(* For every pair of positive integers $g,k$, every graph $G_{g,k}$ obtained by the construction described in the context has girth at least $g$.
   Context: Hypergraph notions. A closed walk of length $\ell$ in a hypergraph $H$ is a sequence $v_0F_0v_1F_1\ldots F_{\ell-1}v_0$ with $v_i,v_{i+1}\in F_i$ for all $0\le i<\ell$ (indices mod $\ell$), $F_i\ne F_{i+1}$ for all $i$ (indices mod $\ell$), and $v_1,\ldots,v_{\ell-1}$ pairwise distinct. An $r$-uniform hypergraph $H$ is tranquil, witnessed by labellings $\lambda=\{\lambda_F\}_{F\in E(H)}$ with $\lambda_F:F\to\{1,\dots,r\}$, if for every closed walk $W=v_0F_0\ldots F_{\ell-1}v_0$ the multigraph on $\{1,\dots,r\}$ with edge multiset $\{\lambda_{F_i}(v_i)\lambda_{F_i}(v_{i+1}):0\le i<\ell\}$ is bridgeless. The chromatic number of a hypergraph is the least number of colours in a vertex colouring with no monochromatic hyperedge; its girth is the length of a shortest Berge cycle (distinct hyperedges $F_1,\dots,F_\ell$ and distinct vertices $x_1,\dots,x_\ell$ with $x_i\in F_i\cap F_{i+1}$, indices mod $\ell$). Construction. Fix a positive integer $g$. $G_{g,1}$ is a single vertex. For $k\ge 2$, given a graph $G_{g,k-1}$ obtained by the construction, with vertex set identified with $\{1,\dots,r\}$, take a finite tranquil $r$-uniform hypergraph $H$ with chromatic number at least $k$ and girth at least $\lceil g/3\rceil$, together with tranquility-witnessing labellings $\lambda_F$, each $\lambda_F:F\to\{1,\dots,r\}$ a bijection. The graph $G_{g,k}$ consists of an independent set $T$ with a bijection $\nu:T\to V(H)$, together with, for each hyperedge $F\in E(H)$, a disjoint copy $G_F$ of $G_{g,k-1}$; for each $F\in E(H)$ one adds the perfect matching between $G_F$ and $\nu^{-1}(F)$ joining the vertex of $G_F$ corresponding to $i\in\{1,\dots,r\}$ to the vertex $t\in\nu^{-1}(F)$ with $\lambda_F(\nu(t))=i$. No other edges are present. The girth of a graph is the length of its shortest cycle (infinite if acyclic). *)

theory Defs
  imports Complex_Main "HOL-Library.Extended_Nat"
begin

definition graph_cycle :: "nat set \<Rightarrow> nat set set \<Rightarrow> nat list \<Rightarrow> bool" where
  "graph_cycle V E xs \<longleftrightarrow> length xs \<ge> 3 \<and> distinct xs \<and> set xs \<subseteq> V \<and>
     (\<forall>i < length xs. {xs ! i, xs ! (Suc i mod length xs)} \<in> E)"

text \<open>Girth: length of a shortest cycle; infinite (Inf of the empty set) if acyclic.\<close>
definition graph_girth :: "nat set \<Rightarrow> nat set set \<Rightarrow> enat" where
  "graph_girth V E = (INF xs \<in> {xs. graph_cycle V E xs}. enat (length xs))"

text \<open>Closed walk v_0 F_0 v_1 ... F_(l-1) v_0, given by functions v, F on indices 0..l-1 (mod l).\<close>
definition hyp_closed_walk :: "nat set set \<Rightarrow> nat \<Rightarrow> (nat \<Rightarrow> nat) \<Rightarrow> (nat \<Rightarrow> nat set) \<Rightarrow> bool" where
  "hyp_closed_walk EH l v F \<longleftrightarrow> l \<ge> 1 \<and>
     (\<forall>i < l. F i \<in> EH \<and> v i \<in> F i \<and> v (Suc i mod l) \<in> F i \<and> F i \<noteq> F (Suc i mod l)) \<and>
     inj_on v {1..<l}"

* * *

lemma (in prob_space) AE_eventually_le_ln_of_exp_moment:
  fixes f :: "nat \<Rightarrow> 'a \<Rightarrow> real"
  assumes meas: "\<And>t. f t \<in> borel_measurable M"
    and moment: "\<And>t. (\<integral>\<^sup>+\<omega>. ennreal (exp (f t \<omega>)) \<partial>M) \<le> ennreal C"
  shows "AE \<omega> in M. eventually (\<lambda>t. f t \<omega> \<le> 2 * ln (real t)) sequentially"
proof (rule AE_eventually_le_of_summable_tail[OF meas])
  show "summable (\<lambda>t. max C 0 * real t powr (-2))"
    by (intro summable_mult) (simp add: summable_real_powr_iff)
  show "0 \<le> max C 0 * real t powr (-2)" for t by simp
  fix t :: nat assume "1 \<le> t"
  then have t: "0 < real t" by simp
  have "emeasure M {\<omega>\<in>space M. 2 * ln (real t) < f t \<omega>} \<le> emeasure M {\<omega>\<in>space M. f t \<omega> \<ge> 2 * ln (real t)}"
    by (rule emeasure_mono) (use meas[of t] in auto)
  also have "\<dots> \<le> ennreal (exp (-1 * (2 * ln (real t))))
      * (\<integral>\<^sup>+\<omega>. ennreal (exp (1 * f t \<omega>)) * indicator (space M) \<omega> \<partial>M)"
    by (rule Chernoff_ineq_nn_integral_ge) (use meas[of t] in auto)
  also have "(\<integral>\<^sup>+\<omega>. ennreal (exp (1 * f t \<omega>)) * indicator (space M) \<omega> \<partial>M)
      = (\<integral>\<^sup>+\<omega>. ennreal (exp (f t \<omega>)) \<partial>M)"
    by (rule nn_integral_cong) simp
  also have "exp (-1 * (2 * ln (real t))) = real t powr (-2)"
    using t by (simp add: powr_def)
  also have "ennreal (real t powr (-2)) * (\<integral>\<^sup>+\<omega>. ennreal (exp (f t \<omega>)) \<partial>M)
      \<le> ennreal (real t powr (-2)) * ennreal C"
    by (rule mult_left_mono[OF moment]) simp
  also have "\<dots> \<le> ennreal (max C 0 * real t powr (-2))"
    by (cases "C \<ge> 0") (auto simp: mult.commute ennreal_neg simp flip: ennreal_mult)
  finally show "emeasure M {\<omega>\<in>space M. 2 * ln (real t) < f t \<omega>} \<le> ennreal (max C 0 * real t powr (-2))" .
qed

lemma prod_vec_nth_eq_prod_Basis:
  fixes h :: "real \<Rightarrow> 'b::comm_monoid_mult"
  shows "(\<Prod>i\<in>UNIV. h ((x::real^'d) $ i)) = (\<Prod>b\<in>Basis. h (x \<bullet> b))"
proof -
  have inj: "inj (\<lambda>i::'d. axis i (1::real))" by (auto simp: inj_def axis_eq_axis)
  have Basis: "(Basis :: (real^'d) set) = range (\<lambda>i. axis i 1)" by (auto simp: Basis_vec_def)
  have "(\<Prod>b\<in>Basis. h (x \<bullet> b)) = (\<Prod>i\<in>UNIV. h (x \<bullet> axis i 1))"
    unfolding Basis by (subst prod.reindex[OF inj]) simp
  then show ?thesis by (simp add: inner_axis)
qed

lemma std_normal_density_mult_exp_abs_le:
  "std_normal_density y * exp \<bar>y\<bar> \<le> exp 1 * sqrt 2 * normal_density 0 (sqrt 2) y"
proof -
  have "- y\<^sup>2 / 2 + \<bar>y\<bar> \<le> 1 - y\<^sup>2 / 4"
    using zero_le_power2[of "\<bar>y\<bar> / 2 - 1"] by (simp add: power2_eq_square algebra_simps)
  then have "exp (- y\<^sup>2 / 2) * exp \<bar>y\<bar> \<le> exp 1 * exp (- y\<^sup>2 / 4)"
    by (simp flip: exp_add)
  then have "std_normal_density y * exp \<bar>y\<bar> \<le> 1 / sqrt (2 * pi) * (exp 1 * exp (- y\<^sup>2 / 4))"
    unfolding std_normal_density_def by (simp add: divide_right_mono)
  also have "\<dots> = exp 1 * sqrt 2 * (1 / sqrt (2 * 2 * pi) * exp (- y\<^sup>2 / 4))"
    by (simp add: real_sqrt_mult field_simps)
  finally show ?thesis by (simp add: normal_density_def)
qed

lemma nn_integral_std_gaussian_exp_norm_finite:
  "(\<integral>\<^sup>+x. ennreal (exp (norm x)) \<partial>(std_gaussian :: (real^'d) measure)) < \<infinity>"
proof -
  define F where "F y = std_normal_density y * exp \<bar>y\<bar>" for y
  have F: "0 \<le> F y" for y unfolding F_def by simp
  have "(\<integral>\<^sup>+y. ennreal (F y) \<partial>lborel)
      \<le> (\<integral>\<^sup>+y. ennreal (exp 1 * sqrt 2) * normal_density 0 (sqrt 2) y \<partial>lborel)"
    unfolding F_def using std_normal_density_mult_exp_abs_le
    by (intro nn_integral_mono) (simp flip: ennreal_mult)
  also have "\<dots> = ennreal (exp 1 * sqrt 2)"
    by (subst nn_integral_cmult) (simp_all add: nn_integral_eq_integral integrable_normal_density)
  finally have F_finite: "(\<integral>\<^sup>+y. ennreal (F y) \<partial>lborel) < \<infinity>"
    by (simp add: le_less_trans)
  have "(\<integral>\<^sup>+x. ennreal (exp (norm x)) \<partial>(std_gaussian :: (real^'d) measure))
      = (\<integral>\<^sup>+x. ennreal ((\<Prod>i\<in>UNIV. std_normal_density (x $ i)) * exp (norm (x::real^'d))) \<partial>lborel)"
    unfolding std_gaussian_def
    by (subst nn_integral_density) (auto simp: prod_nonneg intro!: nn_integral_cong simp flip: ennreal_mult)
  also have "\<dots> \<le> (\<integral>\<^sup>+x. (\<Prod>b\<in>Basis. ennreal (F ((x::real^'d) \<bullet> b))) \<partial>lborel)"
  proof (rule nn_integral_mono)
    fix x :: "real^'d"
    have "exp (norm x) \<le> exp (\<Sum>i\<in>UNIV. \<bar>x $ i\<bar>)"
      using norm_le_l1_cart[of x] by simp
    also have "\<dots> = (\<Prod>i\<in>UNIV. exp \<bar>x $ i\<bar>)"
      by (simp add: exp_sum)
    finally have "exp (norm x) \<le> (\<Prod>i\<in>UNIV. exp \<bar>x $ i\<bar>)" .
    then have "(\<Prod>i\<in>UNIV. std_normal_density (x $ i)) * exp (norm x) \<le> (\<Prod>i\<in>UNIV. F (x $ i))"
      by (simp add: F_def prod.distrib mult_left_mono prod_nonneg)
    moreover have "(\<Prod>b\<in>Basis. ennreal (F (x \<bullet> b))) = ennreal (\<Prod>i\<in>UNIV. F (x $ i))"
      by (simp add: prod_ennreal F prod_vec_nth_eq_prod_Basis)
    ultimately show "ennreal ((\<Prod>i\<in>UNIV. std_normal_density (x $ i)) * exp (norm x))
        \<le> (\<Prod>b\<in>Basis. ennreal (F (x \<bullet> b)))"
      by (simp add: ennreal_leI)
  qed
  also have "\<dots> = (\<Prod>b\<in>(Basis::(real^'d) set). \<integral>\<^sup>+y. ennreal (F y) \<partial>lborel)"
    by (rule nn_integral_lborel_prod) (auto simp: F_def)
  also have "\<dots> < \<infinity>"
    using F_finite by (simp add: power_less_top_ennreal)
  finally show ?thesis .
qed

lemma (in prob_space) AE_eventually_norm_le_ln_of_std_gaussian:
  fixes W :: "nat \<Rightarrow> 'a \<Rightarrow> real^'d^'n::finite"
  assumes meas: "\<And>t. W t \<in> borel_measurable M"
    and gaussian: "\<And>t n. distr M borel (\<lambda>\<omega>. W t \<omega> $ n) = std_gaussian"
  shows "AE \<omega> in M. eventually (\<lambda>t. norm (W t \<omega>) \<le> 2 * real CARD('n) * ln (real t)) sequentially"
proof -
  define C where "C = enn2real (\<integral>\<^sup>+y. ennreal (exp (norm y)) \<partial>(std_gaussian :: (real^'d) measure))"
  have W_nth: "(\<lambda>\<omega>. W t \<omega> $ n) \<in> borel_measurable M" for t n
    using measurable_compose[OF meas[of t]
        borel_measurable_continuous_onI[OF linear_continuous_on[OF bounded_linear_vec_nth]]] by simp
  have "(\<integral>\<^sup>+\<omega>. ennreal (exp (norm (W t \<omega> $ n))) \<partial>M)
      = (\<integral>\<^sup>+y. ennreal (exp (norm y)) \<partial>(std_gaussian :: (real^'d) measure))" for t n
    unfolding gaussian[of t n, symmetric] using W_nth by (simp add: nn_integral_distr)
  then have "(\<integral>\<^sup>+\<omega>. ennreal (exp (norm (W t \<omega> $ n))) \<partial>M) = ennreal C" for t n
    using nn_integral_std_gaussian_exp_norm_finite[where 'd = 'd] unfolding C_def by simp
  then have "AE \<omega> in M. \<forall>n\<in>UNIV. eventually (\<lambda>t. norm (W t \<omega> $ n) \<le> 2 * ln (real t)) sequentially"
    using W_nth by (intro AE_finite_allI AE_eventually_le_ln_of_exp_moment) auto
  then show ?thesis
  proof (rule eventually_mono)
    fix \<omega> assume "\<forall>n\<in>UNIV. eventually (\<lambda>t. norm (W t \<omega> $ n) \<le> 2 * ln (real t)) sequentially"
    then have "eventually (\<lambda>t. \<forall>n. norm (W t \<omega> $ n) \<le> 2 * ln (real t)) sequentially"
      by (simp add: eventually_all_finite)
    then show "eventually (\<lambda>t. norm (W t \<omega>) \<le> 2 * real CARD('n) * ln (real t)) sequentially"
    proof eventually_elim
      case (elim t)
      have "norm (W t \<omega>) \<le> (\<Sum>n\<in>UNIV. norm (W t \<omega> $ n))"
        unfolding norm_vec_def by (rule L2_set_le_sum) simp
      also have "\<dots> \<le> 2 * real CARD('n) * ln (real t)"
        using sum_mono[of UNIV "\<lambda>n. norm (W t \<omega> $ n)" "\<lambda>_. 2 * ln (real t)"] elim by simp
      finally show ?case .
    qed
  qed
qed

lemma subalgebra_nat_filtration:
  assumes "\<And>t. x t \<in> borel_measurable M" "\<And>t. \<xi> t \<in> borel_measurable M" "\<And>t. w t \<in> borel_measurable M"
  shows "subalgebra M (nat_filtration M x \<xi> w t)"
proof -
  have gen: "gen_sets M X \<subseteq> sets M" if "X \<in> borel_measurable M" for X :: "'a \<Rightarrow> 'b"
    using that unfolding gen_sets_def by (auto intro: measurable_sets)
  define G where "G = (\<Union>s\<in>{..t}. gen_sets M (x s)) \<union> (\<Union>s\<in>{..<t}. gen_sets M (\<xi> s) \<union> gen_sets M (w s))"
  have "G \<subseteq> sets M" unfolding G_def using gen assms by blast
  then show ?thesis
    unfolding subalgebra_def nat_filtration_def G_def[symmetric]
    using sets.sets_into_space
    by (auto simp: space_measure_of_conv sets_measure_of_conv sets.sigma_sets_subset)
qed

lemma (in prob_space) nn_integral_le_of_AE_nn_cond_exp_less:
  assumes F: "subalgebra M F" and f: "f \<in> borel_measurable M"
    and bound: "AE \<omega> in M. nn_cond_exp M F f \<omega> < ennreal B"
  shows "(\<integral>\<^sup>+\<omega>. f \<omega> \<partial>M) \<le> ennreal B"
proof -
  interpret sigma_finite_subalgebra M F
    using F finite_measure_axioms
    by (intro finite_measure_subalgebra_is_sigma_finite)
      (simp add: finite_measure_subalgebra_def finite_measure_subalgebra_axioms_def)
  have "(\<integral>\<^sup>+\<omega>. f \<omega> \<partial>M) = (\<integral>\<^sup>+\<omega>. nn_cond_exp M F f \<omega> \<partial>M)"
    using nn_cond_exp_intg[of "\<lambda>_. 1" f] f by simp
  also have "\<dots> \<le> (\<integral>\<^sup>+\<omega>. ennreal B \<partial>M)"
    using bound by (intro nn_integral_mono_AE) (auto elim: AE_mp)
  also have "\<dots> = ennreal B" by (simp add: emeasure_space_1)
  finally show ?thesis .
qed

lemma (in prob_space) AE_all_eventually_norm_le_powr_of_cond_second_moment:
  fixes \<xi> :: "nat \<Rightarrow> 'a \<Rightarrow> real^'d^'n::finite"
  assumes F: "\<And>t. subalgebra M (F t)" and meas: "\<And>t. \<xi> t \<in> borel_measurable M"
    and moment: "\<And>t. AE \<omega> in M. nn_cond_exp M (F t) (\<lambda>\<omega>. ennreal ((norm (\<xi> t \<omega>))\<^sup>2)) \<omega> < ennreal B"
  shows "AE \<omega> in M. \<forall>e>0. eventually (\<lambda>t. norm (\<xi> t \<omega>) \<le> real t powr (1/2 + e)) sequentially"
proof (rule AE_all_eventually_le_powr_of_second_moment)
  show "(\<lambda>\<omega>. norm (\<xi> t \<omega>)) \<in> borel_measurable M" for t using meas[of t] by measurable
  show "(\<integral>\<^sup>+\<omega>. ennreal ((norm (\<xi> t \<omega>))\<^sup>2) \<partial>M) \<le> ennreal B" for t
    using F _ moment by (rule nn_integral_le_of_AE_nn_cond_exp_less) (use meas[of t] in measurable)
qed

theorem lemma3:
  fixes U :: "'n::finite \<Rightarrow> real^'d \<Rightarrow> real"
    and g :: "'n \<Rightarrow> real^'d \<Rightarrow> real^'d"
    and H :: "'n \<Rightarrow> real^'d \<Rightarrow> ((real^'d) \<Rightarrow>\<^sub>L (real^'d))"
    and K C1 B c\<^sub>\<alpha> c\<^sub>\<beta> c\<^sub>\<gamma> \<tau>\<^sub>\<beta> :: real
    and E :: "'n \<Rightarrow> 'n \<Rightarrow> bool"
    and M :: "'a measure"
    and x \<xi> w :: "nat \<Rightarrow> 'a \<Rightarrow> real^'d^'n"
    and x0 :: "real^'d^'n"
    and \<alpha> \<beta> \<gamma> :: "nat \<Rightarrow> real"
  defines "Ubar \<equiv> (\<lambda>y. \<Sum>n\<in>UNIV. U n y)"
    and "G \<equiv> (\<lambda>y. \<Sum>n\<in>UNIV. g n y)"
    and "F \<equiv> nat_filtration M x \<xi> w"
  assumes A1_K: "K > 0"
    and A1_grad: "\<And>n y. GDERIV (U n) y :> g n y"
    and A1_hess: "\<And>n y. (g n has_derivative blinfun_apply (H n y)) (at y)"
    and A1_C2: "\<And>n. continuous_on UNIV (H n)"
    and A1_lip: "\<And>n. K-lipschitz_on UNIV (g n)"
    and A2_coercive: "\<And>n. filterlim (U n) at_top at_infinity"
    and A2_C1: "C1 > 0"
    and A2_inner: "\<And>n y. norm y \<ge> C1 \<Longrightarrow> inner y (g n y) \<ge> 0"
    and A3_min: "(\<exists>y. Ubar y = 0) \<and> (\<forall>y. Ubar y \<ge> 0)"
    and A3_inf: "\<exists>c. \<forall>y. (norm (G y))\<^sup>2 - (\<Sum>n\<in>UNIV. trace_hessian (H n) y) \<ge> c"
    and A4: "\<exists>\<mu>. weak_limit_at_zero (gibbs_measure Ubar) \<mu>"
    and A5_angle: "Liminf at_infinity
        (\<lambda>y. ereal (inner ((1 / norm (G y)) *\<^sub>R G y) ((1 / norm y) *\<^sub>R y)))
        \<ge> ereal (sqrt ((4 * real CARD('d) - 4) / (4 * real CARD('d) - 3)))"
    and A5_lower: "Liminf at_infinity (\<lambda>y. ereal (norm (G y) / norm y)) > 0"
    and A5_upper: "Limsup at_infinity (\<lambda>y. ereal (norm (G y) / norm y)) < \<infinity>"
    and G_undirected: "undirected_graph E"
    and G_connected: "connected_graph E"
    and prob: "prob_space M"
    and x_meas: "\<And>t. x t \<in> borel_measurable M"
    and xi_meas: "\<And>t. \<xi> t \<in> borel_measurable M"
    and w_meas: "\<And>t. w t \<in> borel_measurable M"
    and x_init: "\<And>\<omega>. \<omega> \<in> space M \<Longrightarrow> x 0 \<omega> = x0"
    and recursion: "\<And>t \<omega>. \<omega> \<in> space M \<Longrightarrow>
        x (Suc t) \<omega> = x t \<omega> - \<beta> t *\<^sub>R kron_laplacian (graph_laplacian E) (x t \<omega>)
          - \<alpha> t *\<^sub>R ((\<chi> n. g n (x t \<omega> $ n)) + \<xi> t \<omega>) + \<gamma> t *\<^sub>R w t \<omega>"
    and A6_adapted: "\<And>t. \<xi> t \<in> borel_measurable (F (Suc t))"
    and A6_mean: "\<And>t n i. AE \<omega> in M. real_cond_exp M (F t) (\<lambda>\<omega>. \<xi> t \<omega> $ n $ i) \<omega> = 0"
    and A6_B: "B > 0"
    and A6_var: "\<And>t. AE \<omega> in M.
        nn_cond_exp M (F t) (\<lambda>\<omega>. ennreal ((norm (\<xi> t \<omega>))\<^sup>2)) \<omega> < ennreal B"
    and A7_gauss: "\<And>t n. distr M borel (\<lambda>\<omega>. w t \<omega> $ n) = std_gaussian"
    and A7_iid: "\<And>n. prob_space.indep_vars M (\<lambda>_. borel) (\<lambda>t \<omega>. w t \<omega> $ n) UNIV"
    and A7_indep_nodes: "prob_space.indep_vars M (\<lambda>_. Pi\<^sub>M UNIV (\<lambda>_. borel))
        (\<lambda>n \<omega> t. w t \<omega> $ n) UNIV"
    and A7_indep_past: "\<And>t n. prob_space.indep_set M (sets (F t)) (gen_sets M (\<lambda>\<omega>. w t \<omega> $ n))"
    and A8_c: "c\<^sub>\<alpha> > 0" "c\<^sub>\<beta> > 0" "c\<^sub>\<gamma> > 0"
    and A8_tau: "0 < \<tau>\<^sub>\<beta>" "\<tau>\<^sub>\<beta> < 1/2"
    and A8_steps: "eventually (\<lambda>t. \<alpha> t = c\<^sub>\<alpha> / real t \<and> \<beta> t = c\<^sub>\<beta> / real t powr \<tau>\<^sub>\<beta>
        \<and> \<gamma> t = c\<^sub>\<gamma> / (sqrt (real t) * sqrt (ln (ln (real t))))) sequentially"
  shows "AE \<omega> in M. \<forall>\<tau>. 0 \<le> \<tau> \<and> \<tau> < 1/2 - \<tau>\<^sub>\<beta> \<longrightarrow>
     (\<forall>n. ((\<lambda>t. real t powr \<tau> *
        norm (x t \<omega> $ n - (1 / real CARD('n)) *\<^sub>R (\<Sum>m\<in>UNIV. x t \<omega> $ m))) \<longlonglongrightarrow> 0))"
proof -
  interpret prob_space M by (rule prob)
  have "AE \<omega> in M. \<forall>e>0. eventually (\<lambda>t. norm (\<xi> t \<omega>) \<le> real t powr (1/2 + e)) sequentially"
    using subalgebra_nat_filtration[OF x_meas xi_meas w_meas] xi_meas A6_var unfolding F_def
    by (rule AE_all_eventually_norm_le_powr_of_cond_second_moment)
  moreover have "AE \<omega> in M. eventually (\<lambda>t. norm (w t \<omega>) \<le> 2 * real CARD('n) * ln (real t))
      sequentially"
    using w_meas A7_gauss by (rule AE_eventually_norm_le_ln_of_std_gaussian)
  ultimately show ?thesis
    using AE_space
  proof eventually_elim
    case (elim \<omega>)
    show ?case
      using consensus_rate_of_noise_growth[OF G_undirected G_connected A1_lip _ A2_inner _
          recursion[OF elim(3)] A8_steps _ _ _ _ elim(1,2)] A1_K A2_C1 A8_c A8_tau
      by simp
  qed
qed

---

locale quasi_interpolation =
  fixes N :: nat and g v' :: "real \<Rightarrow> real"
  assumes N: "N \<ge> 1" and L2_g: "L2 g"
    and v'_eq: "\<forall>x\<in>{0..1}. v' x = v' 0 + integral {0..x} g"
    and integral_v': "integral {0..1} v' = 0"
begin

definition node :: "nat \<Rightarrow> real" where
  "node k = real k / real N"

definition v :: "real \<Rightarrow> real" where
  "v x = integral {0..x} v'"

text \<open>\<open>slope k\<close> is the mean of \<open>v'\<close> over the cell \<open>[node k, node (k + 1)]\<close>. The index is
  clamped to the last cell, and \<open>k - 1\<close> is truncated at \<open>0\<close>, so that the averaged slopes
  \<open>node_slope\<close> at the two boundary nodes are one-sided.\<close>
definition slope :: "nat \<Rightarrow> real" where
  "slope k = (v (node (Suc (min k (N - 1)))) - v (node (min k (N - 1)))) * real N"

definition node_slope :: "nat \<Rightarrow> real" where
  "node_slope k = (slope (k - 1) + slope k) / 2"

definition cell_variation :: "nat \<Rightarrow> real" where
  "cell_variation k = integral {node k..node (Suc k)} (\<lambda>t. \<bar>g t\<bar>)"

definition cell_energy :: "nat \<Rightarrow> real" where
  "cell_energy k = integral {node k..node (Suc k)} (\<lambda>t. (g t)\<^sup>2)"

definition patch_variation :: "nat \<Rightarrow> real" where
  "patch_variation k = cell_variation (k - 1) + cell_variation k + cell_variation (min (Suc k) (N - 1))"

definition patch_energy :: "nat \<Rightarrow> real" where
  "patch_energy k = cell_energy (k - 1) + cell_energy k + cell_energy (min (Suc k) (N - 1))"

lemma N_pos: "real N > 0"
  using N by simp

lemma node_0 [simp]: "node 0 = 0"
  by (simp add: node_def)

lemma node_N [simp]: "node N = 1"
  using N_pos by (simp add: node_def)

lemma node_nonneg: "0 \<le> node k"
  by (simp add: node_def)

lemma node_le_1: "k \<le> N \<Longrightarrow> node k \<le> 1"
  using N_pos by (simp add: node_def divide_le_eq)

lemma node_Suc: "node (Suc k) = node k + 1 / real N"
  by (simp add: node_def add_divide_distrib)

◆ Work item:
From the material above, set down exactly the lines between the line holding "k = cell_variation" and the line holding "by (simp add: node_def add_divide_distrib)", inclusive. Include nothing else.

◆ Answer area:
  "patch_variation k = cell_variation (k - 1) + cell_variation k + cell_variation (min (Suc k) (N - 1))"

definition patch_energy :: "nat \<Rightarrow> real" where
  "patch_energy k = cell_energy (k - 1) + cell_energy k + cell_energy (min (Suc k) (N - 1))"

lemma N_pos: "real N > 0"
  using N by simp

lemma node_0 [simp]: "node 0 = 0"
  by (simp add: node_def)

lemma node_N [simp]: "node N = 1"
  using N_pos by (simp add: node_def)

lemma node_nonneg: "0 \<le> node k"
  by (simp add: node_def)

lemma node_le_1: "k \<le> N \<Longrightarrow> node k \<le> 1"
  using N_pos by (simp add: node_def divide_le_eq)

lemma node_Suc: "node (Suc k) = node k + 1 / real N"
  by (simp add: node_def add_divide_distrib)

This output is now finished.